Oh Mother DADA, what is one to do? Journals, self-indulgent books, obscure paintings, angry, bitter music and all that you’ve produced. None of it was worth a damn. In what direction do we go now with your sacred message?

Maybe we should abandon the species and our hopes that they will learn to save themselves. Maybe we ought to take our time to look into the colors and to enjoy our personal spectacle here on the planet like a Beat poem, something written which can only allude to a moment that can never be recreated. Maybe we should learn to find God’s reflection in every mirror cascading around the activities of every atom of everything that has existed and be content. Maybe we should forget about the government and the wars and the politics, leaving them to make a Hell of their own lives. Maybe we should use our creative energies to form for ourselves a nouveau Garden of Eden to be kept forever pure of the hysteria of a world which even DADA in all of its grace through all of the madness of time corrupted even DADA in the end. Maybe we should take time to finally edit our unfinished artworks. Maybe some day some other creature, some other species which is more rational, will pick up our pieces and learn from the lessons that you, DADA, have carried inside your cleverly defended labyrinth which from the bird’s eye view reads as the history of man’s mistakes in all of his doings.

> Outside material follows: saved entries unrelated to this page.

(* Let $f_1,\dots,f_n:\mathbb{R}^d\to\mathbb{R}$ satisfy Assumption A1 and let $F=(f_1,\dots,f_n)$. Then $R\le\sqrt{\kappa}\,r$, where $R:=\mathrm{diam}(\mathrm{Pareto}(F))=\sup\{\|x-x'\|_2:x,x'\in\mathrm{Pareto}(F)\}$.
   Context: Assumption A1: each $f_i$ is twice differentiable with $\mu\mathbf{I}\preceq\nabla^2 f_i(x)\preceq L\mathbf{I}$ for all $x$, $0<\mu\le L$; $\kappa:=L/\mu$; and $r:=\max_{i,j\in[n]}\|\operatorname{argmin} f_i-\operatorname{argmin} f_j\|_2$. A point $x$ is Pareto optimal if for all $x'$, $f_i(x')<f_i(x)$ for some $i$ implies $f_j(x')>f_j(x)$ for some $j$; $\mathrm{Pareto}(F)$ is the set of Pareto optimal points. *)

theory Defs
  imports "HOL-Analysis.Analysis"
begin

text \<open>Twice differentiable with Hessian bounds  mu I <= Hess f(x) <= L I  (Loewner order),
  written out: f has gradient g(x), g has derivative H(x) (the Hessian as a linear map),
  and mu |h|^2 <= h . H(x) h <= L |h|^2 for all h.\<close>
definition hess_bounded :: "real \<Rightarrow> real \<Rightarrow> ('a::euclidean_space \<Rightarrow> real) \<Rightarrow> bool" where
  "hess_bounded mu L f \<longleftrightarrow>
     (\<exists>g H. (\<forall>x. (f has_derivative (\<lambda>h. g x \<bullet> h)) (at x)) \<and>
            (\<forall>x. (g has_derivative H x) (at x)) \<and>
            (\<forall>x h. mu * (norm h)\<^sup>2 \<le> h \<bullet> H x h \<and> h \<bullet> H x h \<le> L * (norm h)\<^sup>2))"

text \<open>The (unique, under strong convexity) minimizer of f.\<close>
definition argmin_pt :: "('a \<Rightarrow> real) \<Rightarrow> 'a" where
  "argmin_pt f = (THE x. \<forall>y. f x \<le> f y)"

definition pareto :: "nat \<Rightarrow> (nat \<Rightarrow> 'a \<Rightarrow> real) \<Rightarrow> 'a set" where
  "pareto n f = {x. \<forall>x'. (\<exists>i<n. f i x' < f i x) \<longrightarrow> (\<exists>j<n. f j x' > f j x)}"

definition minimizer_spread :: "nat \<Rightarrow> (nat \<Rightarrow> 'a::euclidean_space \<Rightarrow> real) \<Rightarrow> real" where
  "minimizer_spread n f = Max {norm (argmin_pt (f i) - argmin_pt (f j)) | i j. i < n \<and> j < n}"

end

theory Submission
  imports Defs
begin

text \<open>Each \<open>f\<^sub>i\<close> lies between the quadratics
  \<open>f\<^sub>i x + \<nabla>f\<^sub>i x \<bullet> (y - x) + c/2 \<parallel>y - x\<parallel>\<^sup>2\<close> with \<open>c = mu\<close> and \<open>c = L\<close>.
  At a Pareto point \<open>x\<close> there is no common descent direction, so by separation
  \<open>0 = \<Sum> w\<^sub>i \<nabla>f\<^sub>i x\<close> for some convex weights \<open>w\<close>. Comparing the quadratic bounds at the
  weighted mean \<open>m = \<Sum> w\<^sub>i a\<^sub>i\<close> of the minimizers \<open>a\<^sub>i\<close> and summing with the weights
  \<open>w\<^sub>i\<close> cancels the gradients and gives \<open>2 mu \<parallel>x - m\<parallel>\<^sup>2 \<le> (L - mu) Var\<^sub>w a\<close>.
  For two Pareto points with means \<open>m, m'\<close>, the double average of \<open>\<parallel>a\<^sub>i - a\<^sub>j\<parallel>\<^sup>2 \<le> r\<^sup>2\<close> equals
  \<open>\<parallel>m - m'\<parallel>\<^sup>2 + Var\<^sub>w a + Var\<^sub>w' a\<close>, and a weighted Cauchy-Schwarz inequality bounds
  \<open>\<parallel>x - m\<parallel> + \<parallel>m - m'\<parallel> + \<parallel>m' - x'\<parallel>\<close> by \<open>sqrt (L / mu) r\<close>.\<close>

definition strongly_convex_grad :: "real \<Rightarrow> ('a::real_inner \<Rightarrow> 'a) \<Rightarrow> ('a \<Rightarrow> real) \<Rightarrow> bool" where
  "strongly_convex_grad mu g f \<longleftrightarrow>
     (\<forall>x y. f x + g x \<bullet> (y - x) + mu / 2 * (norm (y - x))\<^sup>2 \<le> f y)"

definition smooth_grad :: "real \<Rightarrow> ('a::real_inner \<Rightarrow> 'a) \<Rightarrow> ('a \<Rightarrow> real) \<Rightarrow> bool" where
  "smooth_grad L g f \<longleftrightarrow>
     (\<forall>x y. f y \<le> f x + g x \<bullet> (y - x) + L / 2 * (norm (y - x))\<^sup>2)"

lemma DERIV2_lower_bound:
  fixes p p' p'' :: "real \<Rightarrow> real"
  assumes p': "\<And>t. (p has_real_derivative p' t) (at t)"
    and p'': "\<And>t. (p' has_real_derivative p'' t) (at t)"
    and bound: "\<And>t. c \<le> p'' t"
  shows "p 0 + p' 0 + c / 2 \<le> p 1"
proof -
  have p'_lower: "p' 0 + c * t \<le> p' t" if "0 \<le> t" for t
  proof -
    have "(\<lambda>s. p' s - c * s) 0 \<le> (\<lambda>s. p' s - c * s) t"
    proof (rule DERIV_nonneg_imp_nondecreasing[OF that])
      fix s show "\<exists>y. ((\<lambda>s. p' s - c * s) has_real_derivative y) (at s) \<and> 0 \<le> y"
        using bound[of s] by (intro exI[of _ "p'' s - c"]) (auto intro!: derivative_eq_intros p'')
    qed
    then show ?thesis by simp
  qed
  have "(\<lambda>s. p s - p' 0 * s - c / 2 * s\<^sup>2) 0 \<le> (\<lambda>s. p s - p' 0 * s - c / 2 * s\<^sup>2) 1"
  proof (rule DERIV_nonneg_imp_nondecreasing[of 0 1])
    fix s :: real assume "0 \<le> s" "s \<le> 1"
    then show "\<exists>y. ((\<lambda>s. p s - p' 0 * s - c / 2 * s\<^sup>2) has_real_derivative y) (at s) \<and> 0 \<le> y"
      using p'_lower[of s]
      by (intro exI[of _ "p' s - p' 0 - c * s"]) (auto intro!: derivative_eq_intros p')
  qed simp
  then show ?thesis by simp
qed

lemma hessian_lower_bound_imp_quadratic_minorant:
  fixes f :: "'a::real_inner \<Rightarrow> real"
  assumes f': "\<And>x. (f has_derivative (\<lambda>h. g x \<bullet> h)) (at x)"
    and g': "\<And>x. (g has_derivative H x) (at x)"
    and H: "\<And>x h. c * (norm h)\<^sup>2 \<le> h \<bullet> H x h"
  shows "f x + g x \<bullet> (y - x) + c / 2 * (norm (y - x))\<^sup>2 \<le> f y"
proof -
  define h where "h = y - x"
  define \<gamma> where "\<gamma> t = x + t *\<^sub>R h" for t :: real
  have \<gamma>': "(\<gamma> has_derivative (\<lambda>s. s *\<^sub>R h)) (at t)" for t
    unfolding \<gamma>_def by (auto intro!: derivative_eq_intros)
  have D1: "((\<lambda>t. f (\<gamma> t)) has_real_derivative g (\<gamma> t) \<bullet> h) (at t)" for t
  proof -
    have "((\<lambda>t. f (\<gamma> t)) has_derivative (\<lambda>s. g (\<gamma> t) \<bullet> (s *\<^sub>R h))) (at t)"
      by (rule has_derivative_compose[OF \<gamma>' f'])
    moreover have "(\<lambda>s. g (\<gamma> t) \<bullet> (s *\<^sub>R h)) = (*) (g (\<gamma> t) \<bullet> h)"
      by (auto simp: mult.commute)
    ultimately show ?thesis by (simp add: has_field_derivative_def)
  qed
  have D2: "((\<lambda>t. g (\<gamma> t) \<bullet> h) has_real_derivative h \<bullet> H (\<gamma> t) h) (at t)" for t
  proof -
    have "((\<lambda>t. g (\<gamma> t)) has_derivative (\<lambda>s. H (\<gamma> t) (s *\<^sub>R h))) (at t)"
      by (rule has_derivative_compose[OF \<gamma>' g'])
    then have "((\<lambda>t. g (\<gamma> t) \<bullet> h) has_derivative (\<lambda>s. H (\<gamma> t) (s *\<^sub>R h) \<bullet> h)) (at t)"
      by (rule has_derivative_inner_left)
    moreover have "(\<lambda>s. H (\<gamma> t) (s *\<^sub>R h) \<bullet> h) = (*) (h \<bullet> H (\<gamma> t) h)"
      using linear_cmul[OF has_derivative_linear[OF g']] by (auto simp: inner_commute mult.commute)
    ultimately show ?thesis by (simp add: has_field_derivative_def)
  qed
  have "f (\<gamma> 0) + g (\<gamma> 0) \<bullet> h + c * (norm h)\<^sup>2 / 2 \<le> f (\<gamma> 1)"
    by (rule DERIV2_lower_bound[OF D1 D2 H])
  then show ?thesis by (simp add: \<gamma>_def h_def)
qed

lemma hess_bounded_imp_quadratic_bounds:
  fixes f :: "'a::euclidean_space \<Rightarrow> real"
  assumes "hess_bounded mu L f"
  obtains g where "\<And>x. (f has_derivative (\<lambda>h. g x \<bullet> h)) (at x)"
    and "strongly_convex_grad mu g f" and "smooth_grad L g f"
proof -
  obtain g H where f': "\<And>x. (f has_derivative (\<lambda>h. g x \<bullet> h)) (at x)"
    and g': "\<And>x. (g has_derivative H x) (at x)"
    and H: "\<And>x h. mu * (norm h)\<^sup>2 \<le> h \<bullet> H x h \<and> h \<bullet> H x h \<le> L * (norm h)\<^sup>2"
    using assms unfolding hess_bounded_def by blast
  have "strongly_convex_grad mu g f"
    unfolding strongly_convex_grad_def
    using hessian_lower_bound_imp_quadratic_minorant[OF f' g'] H by blast
  moreover have "- f x + - g x \<bullet> (y - x) + - L / 2 * (norm (y - x))\<^sup>2 \<le> - f y" for x y
  proof (rule hessian_lower_bound_imp_quadratic_minorant[where H = "\<lambda>x h. - H x h"])
    show "((\<lambda>x. - f x) has_derivative (\<lambda>h. - g x \<bullet> h)) (at x)" for x
      using has_derivative_minus[OF f'] by simp
    show "((\<lambda>x. - g x) has_derivative (\<lambda>h. - H x h)) (at x)" for x
      using has_derivative_minus[OF g'] by simp
    show "- L * (norm h)\<^sup>2 \<le> h \<bullet> - H x h" for x h
      using H by simp
  qed
  then have "smooth_grad L g f"
    unfolding smooth_grad_def by (simp add: algebra_simps)
  ultimately show ?thesis using that f' by blast
qed

lemma strongly_convex_attains_min:
  fixes f :: "'a::euclidean_space \<Rightarrow> real"
  assumes cont: "continuous_on UNIV f" and sc: "strongly_convex_grad mu g f" and mu: "0 < mu"
  obtains a where "\<And>y. f a \<le> f y"
proof -
  define R where "R = 2 * norm (g 0) / mu"
  have "R \<ge> 0" using mu by (simp add: R_def)
  have "cball 0 R \<noteq> {}" using \<open>R \<ge> 0\<close> by auto
  then obtain a where a_min: "\<And>y. y \<in> cball 0 R \<Longrightarrow> f a \<le> f y"
    using continuous_attains_inf[OF compact_cball _ continuous_on_subset[OF cont]] by blast
  have "f a \<le> f y" for y
  proof (cases "y \<in> cball 0 R")
    case False
    then have "norm (g 0) \<le> mu / 2 * norm y"
      using mu by (simp add: R_def field_simps)
    then have "norm (g 0) * norm y \<le> mu / 2 * (norm y)\<^sup>2"
      using mult_right_mono[OF _ norm_ge_zero, of "norm (g 0)" "mu / 2 * norm y" y]
      by (simp add: power2_eq_square mult.assoc)
    moreover have "- (norm (g 0) * norm y) \<le> g 0 \<bullet> y"
      using Cauchy_Schwarz_ineq2[of "g 0" y] by linarith
    moreover have "f 0 + g 0 \<bullet> y + mu / 2 * (norm y)\<^sup>2 \<le> f y"
      using sc unfolding strongly_convex_grad_def by (metis diff_zero)
    moreover have "f a \<le> f 0" using a_min \<open>R \<ge> 0\<close> by simp
    ultimately show ?thesis by linarith
  qed (use a_min in blast)
  then show ?thesis by (rule that)
qed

I love you DADA, because you never told me what the answer was. That was the answer. There are no answers. It is always this thing, and it is always wrong, and to make ammends with it one must learn a kind of flexibility and readiness for abandonment, one must craft a kind of celebratory spirit around the tragedy of the whole thing, which is such a difficult and exhausting task to keep up for the remainder of one’s life. But if you were easy, DADA, and you wore your message on your sleeve, we would not want you.

Just one more example of the absurdity which lies inside of our hearts and our minds which expresses itself in everything that we do as a species no matter how much time we invest in discussing the finer details of Ethical Philosophy.

Ah, to be one of the Cult of DADA, it is a heavy and loathesome burden, for there is no sure way to end up on the shores of this delusional island without at first passing through that which DADA was built to destroy, for DADA is transmitted to people, or rather people are transmitted to DADA, through War and War alone it seems. I was delivered to DADA with the keys to POW cages in my hands which was, comparatively, a rather easy entrance. Some come through blood and some through fire. They crawl across DADA’s threshold with a rifle in their hand and a brand new horrible memory of some terrible thing which could never be undone. Nobody leaves the DADA alive.

My ruminations are interrupted by a man hanging from the fence which surrounds this Bunker of Culture. His fingers push through the links in the fence in a way that reminds me of the detainees. He wants to ask me if I am a florist.

I want to tell him that there are no flowers in the DADA, because in the flower there is nothing against which one could rebel, but I chose instead to stare at him as if he has interupted me in the middle of something  very important.

“Yes. In a way. In a sort of a way. I guess that I am.”